Chapter 26

Sergeant Langford was waiting for Tone outside. “I want to go talk to the detectives,” he said. “See if they’ve learned anything, though somehow I doubt it.”

Then Tone remembered.

“Penman had dirt under the fingernails of his right hand,” he said. “He’s a fastidious little man and a thing like that is out of character for him.”

“Is he left- or right-handed, do you know?”

“Right, I think. He carved his meat with his right hand.”

“Penman was rooting around in mutton gravy,” Langford said. “It would be easy to get some under his nails.”

Tone made no answer, and the cop said, “Still, it’s something to think about. It could have been blood, huh?”

“Yes, it could have been,” Tone said.

The detective in charge of the murder investigation was an earnest young man who looked hot and uncomfortable in a high celluloid collar and tie.

“Find anything?” Langford asked.

The detective shook his head. “Not a thing. This will go into the records as just another routine prostitute murder. My investigation begins and ends right here.”

“I wonder if Annie Forbes thought her death was routine?” Tone asked, irritated.

The young cop looked at him. “Who the hell are you?”

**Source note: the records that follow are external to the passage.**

(* Let $r$ be a positive integer, let $G_r=(V,E)$ be the Chimera graph with $E=E_0\cup E_1\cup E_{01}$, and let $c_{uv}\in\mathbb{R}$ for $(u,v)\in E$ and $d_u\in\mathbb{R}$ for $u\in V$ be arbitrary. Let $H^*=\min_{S\in\{-1,1\}^V}\left(\sum_{(u,v)\in E}c_{uv}S_uS_v+\sum_{u\in V}d_uS_u\right)$, and let $A_0=\sum_{(u,v)\in E_0}|c_{uv}|$ and $A_1=\sum_{(u,v)\in E_1}|c_{uv}|$. Then $H^*\le -(A_0+A_1)$.
   Context: The Chimera graph $G_r=(V,E)$: $V=\{(i,j,k,l)\in\mathbb{Z}^4: 1\le i,j\le r,\ 1\le k\le 4,\ l\in\{0,1\}\}$. $E=E_0\cup E_1\cup E_{01}$ (disjoint), where $E_0$ consists of the edges $\{(i,j,k,0),(i+1,j,k,0)\}$ for $1\le i\le r-1$, $1\le j\le r$, $1\le k\le 4$; $E_1$ consists of the edges $\{(i,j,k,1),(i,j+1,k,1)\}$ for $1\le i\le r$, $1\le j\le r-1$, $1\le k\le 4$; and $E_{01}$ consists of the edges $\{(i,j,k_0,0),(i,j,k_1,1)\}$ for $1\le i,j\le r$, $1\le k_0,k_1\le 4$. *)

theory Defs
  imports Complex_Main "HOL-Library.FuncSet"
begin

type_synonym cvertex = "int \<times> int \<times> int \<times> int"

definition chimera_V :: "int \<Rightarrow> cvertex set" where
  "chimera_V r = {(i,j,k,l). 1 \<le> i \<and> i \<le> r \<and> 1 \<le> j \<and> j \<le> r \<and> 1 \<le> k \<and> k \<le> 4 \<and> l \<in> {0,1}}"

definition chimera_E0 :: "int \<Rightarrow> (cvertex \<times> cvertex) set" where
  "chimera_E0 r = {((i,j,k,0),(i+1,j,k,0)) | i j k.
      1 \<le> i \<and> i \<le> r - 1 \<and> 1 \<le> j \<and> j \<le> r \<and> 1 \<le> k \<and> k \<le> 4}"

definition chimera_E1 :: "int \<Rightarrow> (cvertex \<times> cvertex) set" where
  "chimera_E1 r = {((i,j,k,1),(i,j+1,k,1)) | i j k.
      1 \<le> i \<and> i \<le> r \<and> 1 \<le> j \<and> j \<le> r - 1 \<and> 1 \<le> k \<and> k \<le> 4}"

definition chimera_E01 :: "int \<Rightarrow> (cvertex \<times> cvertex) set" where
  "chimera_E01 r = {((i,j,k0,0),(i,j,k1,1)) | i j k0 k1.
      1 \<le> i \<and> i \<le> r \<and> 1 \<le> j \<and> j \<le> r \<and> 1 \<le> k0 \<and> k0 \<le> 4 \<and> 1 \<le> k1 \<and> k1 \<le> 4}"

definition chimera_E :: "int \<Rightarrow> (cvertex \<times> cvertex) set" where
  "chimera_E r = chimera_E0 r \<union> chimera_E1 r \<union> chimera_E01 r"

definition ising_energy :: "int \<Rightarrow> (cvertex \<Rightarrow> cvertex \<Rightarrow> real) \<Rightarrow> (cvertex \<Rightarrow> real)
    \<Rightarrow> (cvertex \<Rightarrow> real) \<Rightarrow> real" where
  "ising_energy r c d S =
     (\<Sum>(u,v)\<in>chimera_E r. c u v * S u * S v) + (\<Sum>u\<in>chimera_V r. d u * S u)"

definition ground_energy :: "int \<Rightarrow> (cvertex \<Rightarrow> cvertex \<Rightarrow> real) \<Rightarrow> (cvertex \<Rightarrow> real) \<Rightarrow> real" where
  "ground_energy r c d = Min (ising_energy r c d ` (chimera_V r \<rightarrow>\<^sub>E {-1, 1}))"

end

theory Submission
  imports Defs
begin

text \<open>
  Along each row of the first layer and each column of the second layer the couplings of
  \<open>E\<^sub>0\<close> and \<open>E\<^sub>1\<close> form disjoint paths, so prefix products of signs give a configuration
  \<open>S\<close> in which every such coupling contributes \<open>-\<bar>c\<^sub>u\<^sub>v\<bar>\<close>. Multiplying the first layer by
  \<open>a\<close> and the second by \<open>b\<close> (\<open>a, b \<in> {-1,1}\<close>) keeps these contributions, multiplies the
  \<open>E\<^sub>0\<^sub>1\<close> part by \<open>ab\<close> and the field part of each layer by \<open>a\<close> resp. \<open>b\<close>. The four choices
  of \<open>(a,b)\<close> sum these extra terms to zero, so one of them costs at most \<open>-(A\<^sub>0 + A\<^sub>1)\<close>.
\<close>

lemma exists_sign_pair_nonpos:
  fixes x y z :: real
  obtains a b where "a \<in> {-1, 1}" "b \<in> {-1, 1}" "a * b * x + a * y + b * z \<le> 0"
proof -
  have "\<exists>a\<in>{-1, 1}. \<exists>b\<in>{-1, 1}. a * b * x + a * y + b * z \<le> (0::real)"
    by (cases "x + y + z \<le> 0"; cases "x - y - z \<le> 0"; cases "y - x - z \<le> 0") auto
  with that show ?thesis by blast
qed

definition neg_sign :: "real \<Rightarrow> real" where
  "neg_sign x = (if x \<ge> 0 then -1 else 1)"

lemma mult_neg_sign: "x * neg_sign x = - \<bar>x\<bar>"
  by (simp add: neg_sign_def)

lemma neg_sign_square: "(neg_sign x)\<^sup>2 = 1"
  by (simp add: neg_sign_def)

text \<open>Spin at position \<open>i\<close> of a path \<open>1, 2, \<dots>\<close> whose edge \<open>{t, t+1}\<close> carries coupling \<open>g t\<close>.\<close>

definition path_spin :: "(int \<Rightarrow> real) \<Rightarrow> int \<Rightarrow> real" where
  "path_spin g i = (\<Prod>t\<in>{1..<i}. neg_sign (g t))"

lemma path_spin_square: "(path_spin g i)\<^sup>2 = 1"
  by (simp add: path_spin_def prod_power_distrib neg_sign_square)

lemma path_spin_succ:
  assumes "1 \<le> i"
  shows "path_spin g (i + 1) = neg_sign (g i) * path_spin g i"
proof -
  have "{1..<i + 1} = insert i {1..<i}" using assms by auto
  then show ?thesis by (simp add: path_spin_def)
qed

lemma path_spin_edge:
  assumes "1 \<le> i"
  shows "g i * path_spin g i * path_spin g (i + 1) = - \<bar>g i\<bar>"
proof -
  have "g i * path_spin g i * path_spin g (i + 1) = (g i * neg_sign (g i)) * (path_spin g i)\<^sup>2"
    unfolding path_spin_succ[OF assms] by (simp add: power2_eq_square)
  then show ?thesis by (simp add: path_spin_square mult_neg_sign)
qed

lemma chimera_V_eq: "chimera_V r = {1..r} \<times> {1..r} \<times> {1..4} \<times> {0, 1}"
  by (auto simp: chimera_V_def)

lemma finite_chimera_V: "finite (chimera_V r)"
  by (simp add: chimera_V_eq)

lemma finite_chimera_E0: "finite (chimera_E0 r)"
proof (rule finite_subset)
  show "chimera_E0 r \<subseteq> chimera_V r \<times> chimera_V r"
    by (auto simp: chimera_E0_def chimera_V_def)
qed (simp add: finite_chimera_V)

lemma finite_chimera_E1: "finite (chimera_E1 r)"
proof (rule finite_subset)
  show "chimera_E1 r \<subseteq> chimera_V r \<times> chimera_V r"
    by (auto simp: chimera_E1_def chimera_V_def)
qed (simp add: finite_chimera_V)

lemma finite_chimera_E01: "finite (chimera_E01 r)"
proof (rule finite_subset)
  show "chimera_E01 r \<subseteq> chimera_V r \<times> chimera_V r"
    by (auto simp: chimera_E01_def chimera_V_def)
qed (simp add: finite_chimera_V)

lemma sum_chimera_E:
  "(\<Sum>e\<in>chimera_E r. f e) =
     (\<Sum>e\<in>chimera_E0 r. f e) + (\<Sum>e\<in>chimera_E1 r. f e) + (\<Sum>e\<in>chimera_E01 r. f e)"
proof -
  have "chimera_E0 r \<inter> chimera_E1 r = {}"
    by (auto simp: chimera_E0_def chimera_E1_def)
  moreover have "(chimera_E0 r \<union> chimera_E1 r) \<inter> chimera_E01 r = {}"
    by (auto simp: chimera_E0_def chimera_E1_def chimera_E01_def)
  ultimately show ?thesis
    unfolding chimera_E_def
    using finite_chimera_E0 finite_chimera_E1 finite_chimera_E01
    by (simp add: sum.union_disjoint)
qed

definition layer :: "cvertex \<Rightarrow> int" where
  "layer v = snd (snd (snd v))"

definition chimera_path_spin :: "(cvertex \<Rightarrow> cvertex \<Rightarrow> real) \<Rightarrow> cvertex \<Rightarrow> real" where
  "chimera_path_spin c v = (case v of (i, j, k, l) \<Rightarrow>
     if l = 0 then path_spin (\<lambda>t. c (t, j, k, 0) (t + 1, j, k, 0)) i
     else path_spin (\<lambda>t. c (i, t, k, 1) (i, t + 1, k, 1)) j)"

lemma chimera_path_spin_square: "(chimera_path_spin c v)\<^sup>2 = 1"
  by (cases v) (simp add: chimera_path_spin_def path_spin_square)

definition flipped_spin ::
    "int \<Rightarrow> (cvertex \<Rightarrow> cvertex \<Rightarrow> real) \<Rightarrow> real \<Rightarrow> real \<Rightarrow> cvertex \<Rightarrow> real" where
  "flipped_spin r c a b =
     restrict (\<lambda>v. (if layer v = 0 then a else b) * chimera_path_spin c v) (chimera_V r)"

lemma flipped_spin_in_spins:
  assumes "a \<in> {-1, 1}" "b \<in> {-1, 1}"
  shows "flipped_spin r c a b \<in> chimera_V r \<rightarrow>\<^sub>E {-1, 1}"
proof -
  have "((if layer v = 0 then a else b) * chimera_path_spin c v)\<^sup>2 = 1" for v
    using assms chimera_path_spin_square[of c v] by (auto simp: power_mult_distrib)
  then show ?thesis
    by (auto simp: flipped_spin_def power2_eq_1_iff)
qed

lemma flipped_spin_E0:
  assumes "a \<in> {-1, 1}" "(u, v) \<in> chimera_E0 r"
  shows "c u v * flipped_spin r c a b u * flipped_spin r c a b v = - \<bar>c u v\<bar>"
proof -
  from assms(2) obtain i j k where uv: "u = (i, j, k, 0)" "v = (i + 1, j, k, 0)"
    and bounds: "1 \<le> i" "i \<le> r - 1" "1 \<le> j" "j \<le> r" "1 \<le> k" "k \<le> 4"
    by (auto simp: chimera_E0_def)
  define g where "g = (\<lambda>t. c (t, j, k, 0) (t + 1, j, k, 0))"
  have F_u: "flipped_spin r c a b u = a * path_spin g i"
    and F_v: "flipped_spin r c a b v = a * path_spin g (i + 1)"
    using uv bounds
    by (simp_all add: flipped_spin_def chimera_V_def layer_def chimera_path_spin_def g_def)
  have c_uv: "c u v = g i"
    by (simp add: uv g_def)
  have "c u v * flipped_spin r c a b u * flipped_spin r c a b v
      = a\<^sup>2 * (g i * path_spin g i * path_spin g (i + 1))"
    unfolding F_u F_v c_uv by (simp add: power2_eq_square)
  then show ?thesis
    using assms(1) path_spin_edge[of i g] bounds c_uv by auto
qed

lemma flipped_spin_E1:
  assumes "b \<in> {-1, 1}" "(u, v) \<in> chimera_E1 r"
  shows "c u v * flipped_spin r c a b u * flipped_spin r c a b v = - \<bar>c u v\<bar>"
proof -
  from assms(2) obtain i j k where uv: "u = (i, j, k, 1)" "v = (i, j + 1, k, 1)"
    and bounds: "1 \<le> i" "i \<le> r" "1 \<le> j" "j \<le> r - 1" "1 \<le> k" "k \<le> 4"
    by (auto simp: chimera_E1_def)
  define g where "g = (\<lambda>t. c (i, t, k, 1) (i, t + 1, k, 1))"
  have F_u: "flipped_spin r c a b u = b * path_spin g j"
    and F_v: "flipped_spin r c a b v = b * path_spin g (j + 1)"
    using uv bounds
    by (simp_all add: flipped_spin_def chimera_V_def layer_def chimera_path_spin_def g_def)
  have c_uv: "c u v = g j"
    by (simp add: uv g_def)
  have "c u v * flipped_spin r c a b u * flipped_spin r c a b v
      = b\<^sup>2 * (g j * path_spin g j * path_spin g (j + 1))"
    unfolding F_u F_v c_uv by (simp add: power2_eq_square)
  then show ?thesis
    using assms(1) path_spin_edge[of j g] bounds c_uv by auto
qed

lemma flipped_spin_E01:
  assumes "(u, v) \<in> chimera_E01 r"
  shows "c u v * flipped_spin r c a b u * flipped_spin r c a b v
       = a * b * (c u v * chimera_path_spin c u * chimera_path_spin c v)"
proof -
  from assms have "u \<in> chimera_V r" "layer u = 0" "v \<in> chimera_V r" "layer v = 1"
    by (auto simp: chimera_E01_def chimera_V_def layer_def)
  then show ?thesis
    by (simp add: flipped_spin_def mult_ac)
qed

lemma ising_energy_flipped_spin:
  assumes "a \<in> {-1, 1}" "b \<in> {-1, 1}"
  shows "ising_energy r c d (flipped_spin r c a b) =
      - ((\<Sum>(u, v)\<in>chimera_E0 r. \<bar>c u v\<bar>) + (\<Sum>(u, v)\<in>chimera_E1 r. \<bar>c u v\<bar>))
      + a * b * (\<Sum>(u, v)\<in>chimera_E01 r. c u v * chimera_path_spin c u * chimera_path_spin c v)
      + a * (\<Sum>u\<in>chimera_V r. if layer u = 0 then d u * chimera_path_spin c u else 0)
      + b * (\<Sum>u\<in>chimera_V r. if layer u = 0 then 0 else d u * chimera_path_spin c u)"
proof -
  let ?F = "flipped_spin r c a b" and ?S = "chimera_path_spin c"
  have E0: "(\<Sum>(u, v)\<in>chimera_E0 r. c u v * ?F u * ?F v) = (\<Sum>(u, v)\<in>chimera_E0 r. - \<bar>c u v\<bar>)"
    by (rule sum.cong) (auto intro: flipped_spin_E0[OF assms(1)])
  have E1: "(\<Sum>(u, v)\<in>chimera_E1 r. c u v * ?F u * ?F v) = (\<Sum>(u, v)\<in>chimera_E1 r. - \<bar>c u v\<bar>)"
    by (rule sum.cong) (auto intro: flipped_spin_E1[OF assms(2)])
  have E01: "(\<Sum>(u, v)\<in>chimera_E01 r. c u v * ?F u * ?F v)
      = (\<Sum>(u, v)\<in>chimera_E01 r. a * b * (c u v * ?S u * ?S v))"
    by (rule sum.cong) (auto intro: flipped_spin_E01)
  have field: "(\<Sum>u\<in>chimera_V r. d u * ?F u)
      = a * (\<Sum>u\<in>chimera_V r. if layer u = 0 then d u * ?S u else 0)
      + b * (\<Sum>u\<in>chimera_V r. if layer u = 0 then 0 else d u * ?S u)"
    unfolding sum_distrib_left sum.distrib[symmetric]
    by (rule sum.cong) (auto simp: flipped_spin_def)
  show ?thesis
    unfolding ising_energy_def sum_chimera_E E0 E1 E01 field
    by (simp add: case_prod_unfold sum_negf sum_distrib_left)
qed

theorem lemma1:
  fixes r :: int and c :: "cvertex \<Rightarrow> cvertex \<Rightarrow> real" and d :: "cvertex \<Rightarrow> real"
  assumes "r \<ge> 1"
  shows "ground_energy r c d \<le>
    - ((\<Sum>(u,v)\<in>chimera_E0 r. \<bar>c u v\<bar>) + (\<Sum>(u,v)\<in>chimera_E1 r. \<bar>c u v\<bar>))"
proof -
  obtain a b where ab: "a \<in> {-1, 1}" "b \<in> {-1, 1}"
    and nonpos: "a * b * (\<Sum>(u, v)\<in>chimera_E01 r. c u v * chimera_path_spin c u * chimera_path_spin c v)
      + a * (\<Sum>u\<in>chimera_V r. if layer u = 0 then d u * chimera_path_spin c u else 0)
      + b * (\<Sum>u\<in>chimera_V r. if layer u = 0 then 0 else d u * chimera_path_spin c u) \<le> 0"
    by (rule exists_sign_pair_nonpos)
  have "finite (ising_energy r c d ` (chimera_V r \<rightarrow>\<^sub>E {-1, 1}))"
    by (simp add: finite_PiE finite_chimera_V)
  then have "ground_energy r c d \<le> ising_energy r c d (flipped_spin r c a b)"
    unfolding ground_energy_def using flipped_spin_in_spins[OF ab] by (intro Min_le) auto
  also have "\<dots> \<le> - ((\<Sum>(u,v)\<in>chimera_E0 r. \<bar>c u v\<bar>) + (\<Sum>(u,v)\<in>chimera_E1 r. \<bar>c u v\<bar>))"
    using nonpos by (simp add: ising_energy_flipped_spin[OF ab])
  finally show ?thesis .
qed

end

“A friend of mine,” Langford said, a hard edge in his voice that warned, “Lay off.”

“I can tell you one thing, Sergeant,” the detective said, now seemingly anxious to please. “She was strangled before she was cut. She has severe bruises on her neck.”

“Would that explain the lack of blood?” Langford asked.

The detective nodded. “Sure. When the heart stops, the blood quits pumping.”

“You’ll tell me if you come up with anything else,” Langford said.

“Of course. But right now I’m investigating a dozen cases, and this one isn’t high on my list.”

After he and Langford left the alley, Tone said, “That detective feller really burned me.”

The sergeant smiled. “Don’t blame him. There’s too much crime in San Francisco and too few cops. That young man is underpaid and overworked and he’s doing the best he can. And he’s right. A murdered whore doesn’t keep the chief of police awake o’ nights.”

“Why didn’t you mention Penman to him?”

“No point in that. The man has a cast-iron alibi. He was in the Jolly Jack drinking tea when Annie Forbes was murdered. Melody Cord and a bunch of others will swear to that.”

“I think Penman did it,” Tone said. “He’s a sodomite who hates all women with a passion.”

“So tell me, how the hell did he leave the tavern without anyone seeing him?”

“I don’t know.”

“Well, when you do know, we’ll talk of this again,” Langford snapped.

The big cop was clearly on edge, so Tone closed his mouth, letting him be.

The rest of the evening was taken up by what passed for routine police work on the Barbary Coast.

At the Eureka dance hall two whores, the Galloping Cow and Little Josie Dupree, got into it over the affections of an inebriated whaler. Her talking done, the Galloping Cow, just as drunk as the whaler, summed matters up when she produced a .22-caliber pepperpot and cut loose at Little Josie, missing her with all six shots.

Langford gave the Cow a stern warning and hinted darkly of three days in the calaboose if the offense was ever repeated.

Over at the Last Chance Saloon, a female gambler name Darkie Rose accused fellow cardsharp Banjo Billy Bates of cheating, whereupon the incensed Billy tried to brain her with a whiskey bottle, empty, of course. He swung, missed, and smashed the bottle over the head of a rube who was sitting at the gaming table. However, the rube was a big farm boy who proceeded to pound Billy into a pulp.

Sergeant Langford ended the fracas when he buffaloed the large and enraged lad with his revolver. But the farm boy had a hard head and quickly regained consciousness. After a stern warning from the sergeant, the relieved rube ordered rum punches all round and everyone sang “For He’s a Jolly Good Fellow,” including Langford and the battered and groggy Banjo Billy.

A person or persons unknown took a potshot at a streetlamp, but no damage was done, and a ferocious dog was reported in an alley off Pacific Street. Tone and Langford investigated, but the aggressive canine was not found.

Two cabs collided in the fog and the drivers argued about whose fault it was and then decided to settle the dispute with fisticuffs. Langford intervened and sent them on their way.

A total of six persons were rolled and robbed. There were eight assaults, one a razor cutting that was serious enough to require hospitalization for the victim and jail for the assailant. Someone stole a walnut ladder-backed chair from in front of Solomon Levy’s used clothing store, but despite a thorough investigation by Langford and Tone, neither the chair nor the thief was located.

As dawn broke and Tone and Langford wearily made their way home, the cop declared that apart from the ripping, it had been a quiet sort of night.